**Work request**
Which lines of the entries contain the string "where"? Please find them and copy them.

[Saved entries]
lemma m1_tendsto_1: "m1 \<longlonglongrightarrow> 1"
proof (rule tendsto_sandwich[of "\<lambda>n. real n / (real n - 1)" _ _ "\<lambda>n. real n / (real n - 2)"])
  show "\<forall>\<^sub>F n in sequentially. real n / (real n - 1) \<le> m1 n"
    using eventually_ge_at_top[of "3::nat"]
  proof eventually_elim
    case (elim n)
    then have "real n * (1 / (2 * ((real n - 1) / 2))) \<le> real n * digamma_half_step ((real n - 1) / 2)"
      by (intro mult_left_mono digamma_half_step_bounds) auto
    moreover have "real n * (1 / (2 * ((real n - 1) / 2))) = real n / (real n - 1)"
      using elim by (simp add: field_simps)
    ultimately show ?case
      by (simp add: m1_eq_digamma_half_step)
  qed
  show "\<forall>\<^sub>F n in sequentially. m1 n \<le> real n / (real n - 2)"
    using eventually_ge_at_top[of "3::nat"]
  proof eventually_elim
    case (elim n)
    then have "real n * digamma_half_step ((real n - 1) / 2) \<le> real n * (1 / (2 * ((real n - 1) / 2) - 1))"
      by (intro mult_left_mono digamma_half_step_bounds) auto
    then show ?case
      using elim by (simp add: m1_eq_digamma_half_step field_simps)
  qed
qed real_asymp+

lemma variance_tendsto_2: "(\<lambda>n. m2 n - (m1 n)\<^sup>2) \<longlonglongrightarrow> 2"
proof (rule tendsto_sandwich[of "\<lambda>n. 2 * (real n)\<^sup>2 / (real n - 1)\<^sup>2" _ _ "\<lambda>n. 2 * (real n)\<^sup>2 / (real n - 2)\<^sup>2"])
  show "\<forall>\<^sub>F n in sequentially. 2 * (real n)\<^sup>2 / (real n - 1)\<^sup>2 \<le> m2 n - (m1 n)\<^sup>2"
    using eventually_ge_at_top[of "3::nat"]
  proof eventually_elim
    case (elim n)
    then have "(real n)\<^sup>2 * (1 / (2 * ((real n - 1) / 2)\<^sup>2)) \<le> (real n)\<^sup>2 * trigamma_half_step ((real n - 1) / 2)"
      by (intro mult_left_mono trigamma_half_step_bounds) auto
    then show ?case
      using elim by (simp add: variance_eq_trigamma_half_step field_simps)
  qed
  show "\<forall>\<^sub>F n in sequentially. m2 n - (m1 n)\<^sup>2 \<le> 2 * (real n)\<^sup>2 / (real n - 2)\<^sup>2"
    using eventually_ge_at_top[of "3::nat"]
  proof eventually_elim
    case (elim n)
    have h: "(real n - 1) / 2 - 1 / 2 = (real n - 2) / 2"
      by (simp add: field_simps)
    have "trigamma_half_step ((real n - 1) / 2) \<le> 1 / (2 * ((real n - 2) / 2)\<^sup>2)"
      using trigamma_half_step_bounds(2)[of "(real n - 1) / 2"] elim unfolding h by simp
    then have "(real n)\<^sup>2 * trigamma_half_step ((real n - 1) / 2) \<le> (real n)\<^sup>2 * (1 / (2 * ((real n - 2) / 2)\<^sup>2))"
      by (rule mult_left_mono) simp
    then show ?case
      using elim by (simp add: variance_eq_trigamma_half_step field_simps)
  qed
qed real_asymp+

theorem lemma1:
  fixes \<mu>0 \<sigma> :: real
  assumes "\<sigma> > 0"
  shows "(\<forall>n\<ge>2. \<forall>(M :: 'a measure) X. iid_normal M X n \<mu>0 \<sigma> \<longrightarrow>
            integrable M (U_stat X n \<mu>0) \<and>
            integrable M (\<lambda>\<omega>. (U_stat X n \<mu>0 \<omega>)\<^sup>2) \<and>
            (LINT \<omega>|M. U_stat X n \<mu>0 \<omega>) = m1 n \<and>
            (LINT \<omega>|M. (U_stat X n \<mu>0 \<omega> - (LINT \<omega>'|M. U_stat X n \<mu>0 \<omega>'))\<^sup>2) = m2 n - (m1 n)\<^sup>2)
       \<and> (\<forall>(M :: nat \<Rightarrow> 'a measure) (X :: nat \<Rightarrow> nat \<Rightarrow> 'a \<Rightarrow> real).
            (\<forall>n\<ge>2. iid_normal (M n) (X n) n \<mu>0 \<sigma>) \<longrightarrow>
            ((\<lambda>n. LINT \<omega>|M n. U_stat (X n) n \<mu>0 \<omega>) \<longlonglongrightarrow> 1) \<and>
            ((\<lambda>n. LINT \<omega>|M n. (U_stat (X n) n \<mu>0 \<omega> - (LINT \<omega>'|M n. U_stat (X n) n \<mu>0 \<omega>'))\<^sup>2) \<longlonglongrightarrow> 2))"
proof (intro conjI allI impI)
  fix n :: nat and M :: "'a measure" and X
  assume "2 \<le> n" "iid_normal M X n \<mu>0 \<sigma>"
  from U_stat_moments[OF this(2) assms this(1)]
  show "integrable M (U_stat X n \<mu>0)" "integrable M (\<lambda>\<omega>. (U_stat X n \<mu>0 \<omega>)\<^sup>2)"
    "(LINT \<omega>|M. U_stat X n \<mu>0 \<omega>) = m1 n"
    "(LINT \<omega>|M. (U_stat X n \<mu>0 \<omega> - (LINT \<omega>'|M. U_stat X n \<mu>0 \<omega>'))\<^sup>2) = m2 n - (m1 n)\<^sup>2"
    by simp_all
next
  fix M :: "nat \<Rightarrow> 'a measure" and X :: "nat \<Rightarrow> nat \<Rightarrow> 'a \<Rightarrow> real"
  assume iid: "\<forall>n\<ge>2. iid_normal (M n) (X n) n \<mu>0 \<sigma>"
  have moments: "\<forall>\<^sub>F n in sequentially. m1 n = (LINT \<omega>|M n. U_stat (X n) n \<mu>0 \<omega>) \<and>
      m2 n - (m1 n)\<^sup>2 = (LINT \<omega>|M n. (U_stat (X n) n \<mu>0 \<omega> - (LINT \<omega>'|M n. U_stat (X n) n \<mu>0 \<omega>'))\<^sup>2)"
    using eventually_ge_at_top[of "2::nat"]
  proof eventually_elim
    case (elim n)
    from U_stat_moments[OF iid[rule_format, OF elim] assms elim] show ?case
      by simp
  qed
  show "(\<lambda>n. LINT \<omega>|M n. U_stat (X n) n \<mu>0 \<omega>) \<longlonglongrightarrow> 1"
    using moments by (intro Lim_transform_eventually[OF m1_tendsto_1]) (auto elim: eventually_mono)
  show "(\<lambda>n. LINT \<omega>|M n. (U_stat (X n) n \<mu>0 \<omega> - (LINT \<omega>'|M n. U_stat (X n) n \<mu>0 \<omega>'))\<^sup>2) \<longlonglongrightarrow> 2"
    using moments by (intro Lim_transform_eventually[OF variance_tendsto_2]) (auto elim: eventually_mono)
qed

end
text \<open>Integrate the derivative of \<open>bump\<^sup>2 (\<psi> \<bullet> \<psi>')\<close>, which vanishes at both ends, and
  absorb the cross term by AM-GM.\<close>
lemma caccioppoli_inequality:
  fixes \<psi> \<psi>' :: "real \<Rightarrow> 'a::real_inner" and q w :: "real \<Rightarrow> real"
  assumes "\<alpha> \<le> \<beta>"
    and \<psi>: "\<forall>x\<in>{\<alpha>..\<beta>}. (\<psi> has_vector_derivative \<psi>' x) (at x within {\<alpha>..\<beta>})"
    and \<psi>': "\<forall>x\<in>{\<alpha>..\<beta>}. (\<psi>' has_vector_derivative (q x *\<^sub>R \<psi> x)) (at x within {\<alpha>..\<beta>})"
    and q: "\<forall>x\<in>{\<alpha>..\<beta>}. \<bar>q x\<bar> \<le> Q"
    and w: "\<forall>x\<in>{\<alpha>..\<beta>}. 0 \<le> w x \<and> w x \<le> Q"
    and energy: "\<forall>x\<in>{\<alpha>..\<beta>}. m \<le> (norm (\<psi>' x))\<^sup>2 + w x * (norm (\<psi> x))\<^sup>2"
  shows "m * (\<beta> - \<alpha>) ^ 5 / 30
    \<le> (4 * (\<beta> - \<alpha>)\<^sup>2 + Q * (\<beta> - \<alpha>) ^ 4 / 4) * integral {\<alpha>..\<beta>} (\<lambda>x. (norm (\<psi> x))\<^sup>2)"
proof -
  define K where "K = 4 * (\<beta> - \<alpha>)\<^sup>2 + Q * (\<beta> - \<alpha>) ^ 4 / 4"
  define bump where "bump x = (x - \<alpha>) * (\<beta> - x)" for x
  define F' where "F' x = 2 * bump x * (\<beta> + \<alpha> - 2 * x) * (\<psi> x \<bullet> \<psi>' x)
    + (bump x)\<^sup>2 * ((norm (\<psi>' x))\<^sup>2 + q x * (norm (\<psi> x))\<^sup>2)" for x
  have "((\<lambda>x. (bump x)\<^sup>2 * (\<psi> x \<bullet> \<psi>' x)) has_vector_derivative F' x) (at x within {\<alpha>..\<beta>})"
    if x: "x \<in> {\<alpha>..\<beta>}" for x
  proof -
    have "((\<lambda>x. (bump x)\<^sup>2) has_real_derivative 2 * bump x * (\<beta> + \<alpha> - 2 * x)) (at x within {\<alpha>..\<beta>})"
      unfolding bump_def by (auto intro!: derivative_eq_intros simp: algebra_simps)
    from DERIV_mult[OF this has_real_derivative_inner[OF \<psi>[rule_format, OF x] \<psi>'[rule_format, OF x]]]
    show ?thesis
      unfolding has_real_derivative_iff_has_vector_derivative[symmetric] F'_def
      by (simp add: power2_norm_eq_inner algebra_simps)
  qed
  then have F': "(F' has_integral 0) {\<alpha>..\<beta>}"
    using fundamental_theorem_of_calculus[OF \<open>\<alpha> \<le> \<beta>\<close>, of "\<lambda>x. (bump x)\<^sup>2 * (\<psi> x \<bullet> \<psi>' x)" F']
    by (simp add: bump_def)
  have "continuous_on {\<alpha>..\<beta>} \<psi>"
    using \<psi> continuous_on_vector_derivative by blast
  then have mass: "((\<lambda>x. (norm (\<psi> x))\<^sup>2) has_integral integral {\<alpha>..\<beta>} (\<lambda>x. (norm (\<psi> x))\<^sup>2)) {\<alpha>..\<beta>}"
    by (intro integrable_integral integrable_continuous_interval continuous_on_power continuous_on_norm)
  have upper: "((\<lambda>x. 2 * F' x + K * (norm (\<psi> x))\<^sup>2) has_integral
      2 * 0 + K * integral {\<alpha>..\<beta>} (\<lambda>x. (norm (\<psi> x))\<^sup>2)) {\<alpha>..\<beta>}"
    by (intro has_integral_add has_integral_mult_right F' mass)
  have lower: "((\<lambda>x. m * (bump x)\<^sup>2) has_integral m * ((\<beta> - \<alpha>) ^ 5 / 30)) {\<alpha>..\<beta>}"
    unfolding bump_def by (intro has_integral_mult_right bump_square_has_integral \<open>\<alpha> \<le> \<beta>\<close>)
  have "m * (bump x)\<^sup>2 \<le> 2 * F' x + K * (norm (\<psi> x))\<^sup>2" if x: "x \<in> {\<alpha>..\<beta>}" for x
    unfolding F'_def K_def
    by (rule caccioppoli_integrand_bound[where w = "w x"])
       (use x q w energy bump_bounds[OF x, folded bump_def] Cauchy_Schwarz_ineq2 in auto)
  then have "m * ((\<beta> - \<alpha>) ^ 5 / 30) \<le> 2 * 0 + K * integral {\<alpha>..\<beta>} (\<lambda>x. (norm (\<psi> x))\<^sup>2)"
    using has_integral_le[OF lower upper] by blast
  then show ?thesis unfolding K_def by simp
qed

**Solution for this problem**
  define K where "K = 4 * (\<beta> - \<alpha>)\<^sup>2 + Q * (\<beta> - \<alpha>) ^ 4 / 4"
  define bump where "bump x = (x - \<alpha>) * (\<beta> - x)" for x
  define F' where "F' x = 2 * bump x * (\<beta> + \<alpha> - 2 * x) * (\<psi> x \<bullet> \<psi>' x)
    by (rule caccioppoli_integrand_bound[where w = "w x"])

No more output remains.